(Exercise instructions): As you look over the data below, please find each line where the word "blast" appears, then copy it.
── Listed records ──
text \<open>Since the syndrome map is onto the q^(ma mb) matrices, the code has q^(n - ma mb) words.\<close>
lemma card_code: "card code = CARD('a) ^ (n - ma * mb)"
proof -
  have "card (vecs n :: (nat \<Rightarrow> 'a) set) = card (syndrome ` vecs n) * card {x\<in>vecs n. syndrome x = 0}"
    by (rule card_additive[OF is_subspace_vecs finite_vecs]) (simp add: syndrome_add)
  then have e: "CARD('a) ^ n = CARD('a) ^ (ma * mb) * card code"
    unfolding syndrome_surj card_mats[OF mb_pos] card_vecs code_eq[symmetric] .
  obtain d where d: "card code = CARD('a) ^ d" using card_subspace_power[OF is_subspace_code code_vecs] by blast
  then have "CARD('a) ^ n = CARD('a) ^ (ma * mb + d)" using e by (simp add: power_add)
  then have "n = ma * mb + d" by (simp only: power_CARD_inject)
  then show ?thesis using d by (metis add_diff_cancel_left')
qed

section \<open>Minimum distance\<close>

lemma weight_two_decomp:
  assumes z: "z \<in> vecs n" and w: "weight z = 2"
  obtains s1 s2 where "s1 < n" "s2 < n" "s1 \<noteq> s2" "z s1 \<noteq> 0" "z s2 \<noteq> 0"
    "z = single s1 (z s1) + single s2 (z s2)"
proof -
  obtain s1 s2 where s: "{i. i < n \<and> z i \<noteq> 0} = {s1, s2}" "s1 \<noteq> s2"
    using w unfolding weight_def by (meson card_2_iff)
  have "z = single s1 (z s1) + single s2 (z s2)"
  proof
    fix i show "z i = (single s1 (z s1) + single s2 (z s2)) i"
      using s z unfolding single_def vecs_def by (cases "i < n") auto
  qed
  with s that show ?thesis by blast
qed
lemma norm_WfN_le:
  assumes n: "large n" and v: "v \<notin> inner n"
  shows "norm (WfN f B (2 * n) \<psi> v) \<le> kernel_max * boundary_mass n \<psi> v"
proof (cases "v \<in> trunc (2 * n)")
  case False then show ?thesis
    using kernel_max_nonneg by (simp add: WfN_def boundary_mass_def sum_nonneg)
next
  case vt: True
  let ?T = "trunc (2 * n) - {v}"
  let ?k = "\<lambda>u. f ((tdist B (2 * n) (lat B u) (lat B v))\<^sup>2)"
  have "norm (WfN f B (2 * n) \<psi> v) \<le> (\<Sum>u\<in>?T. norm (of_real (?k u) * \<psi> u))"
    unfolding WfN_def using vt by (simp add: norm_sum)
  also have "\<dots> \<le> (\<Sum>u\<in>?T. if u - v \<in> reach n then kernel_max * norm (vanish_on (core n) \<psi> u) else 0)"
  proof (rule sum_mono)
    fix u assume u: "u \<in> ?T"
    show "norm (of_real (?k u) * \<psi> u) \<le> (if u - v \<in> reach n then kernel_max * norm (vanish_on (core n) \<psi> u) else 0)"
    proof (cases "?k u = 0")
      case True then show ?thesis using kernel_max_nonneg by simp
    next
      case False
      have n': "radius < int n" using n by (simp add: large_def)
      note boundary = torus_kernel_nonzero_at_boundary[OF n' vt v _ False]
      have "vanish_on (core n) \<psi> u = \<psi> u" using boundary(2) u by (simp add: vanish_on_def)
      moreover have "?k u \<le> kernel_max"
        using torus_kernel_le_max[OF large_imp_period_bound[OF n]] by (simp add: tdist_eq_Inf_torus_norms)
      ultimately show ?thesis using f_nonneg boundary(1) u by (simp add: norm_mult mult_right_mono)
    qed
  qed
  also have "\<dots> = (\<Sum>u\<in>{u \<in> ?T. u - v \<in> reach n}. kernel_max * norm (vanish_on (core n) \<psi> u))"
    by (rule sum.inter_filter[symmetric]) (simp add: trunc_def)
  also have "\<dots> \<le> (\<Sum>u\<in>(\<lambda>s. v + s) ` reach n. kernel_max * norm (vanish_on (core n) \<psi> u))"
    by (rule sum_mono2) (use finite_reach kernel_max_nonneg in \<open>auto intro: image_eqI[rotated]\<close>)
  also have "\<dots> = (\<Sum>s\<in>reach n. kernel_max * norm (vanish_on (core n) \<psi> (v + s)))"
    by (subst sum.reindex) (auto simp: inj_on_def)
  finally show ?thesis by (simp add: boundary_mass_def sum_distrib_left)
qed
───
(Reply):
  obtain d where d: "card code = CARD('a) ^ d" using card_subspace_power[OF is_subspace_code code_vecs] by blast
  with s that show ?thesis by blast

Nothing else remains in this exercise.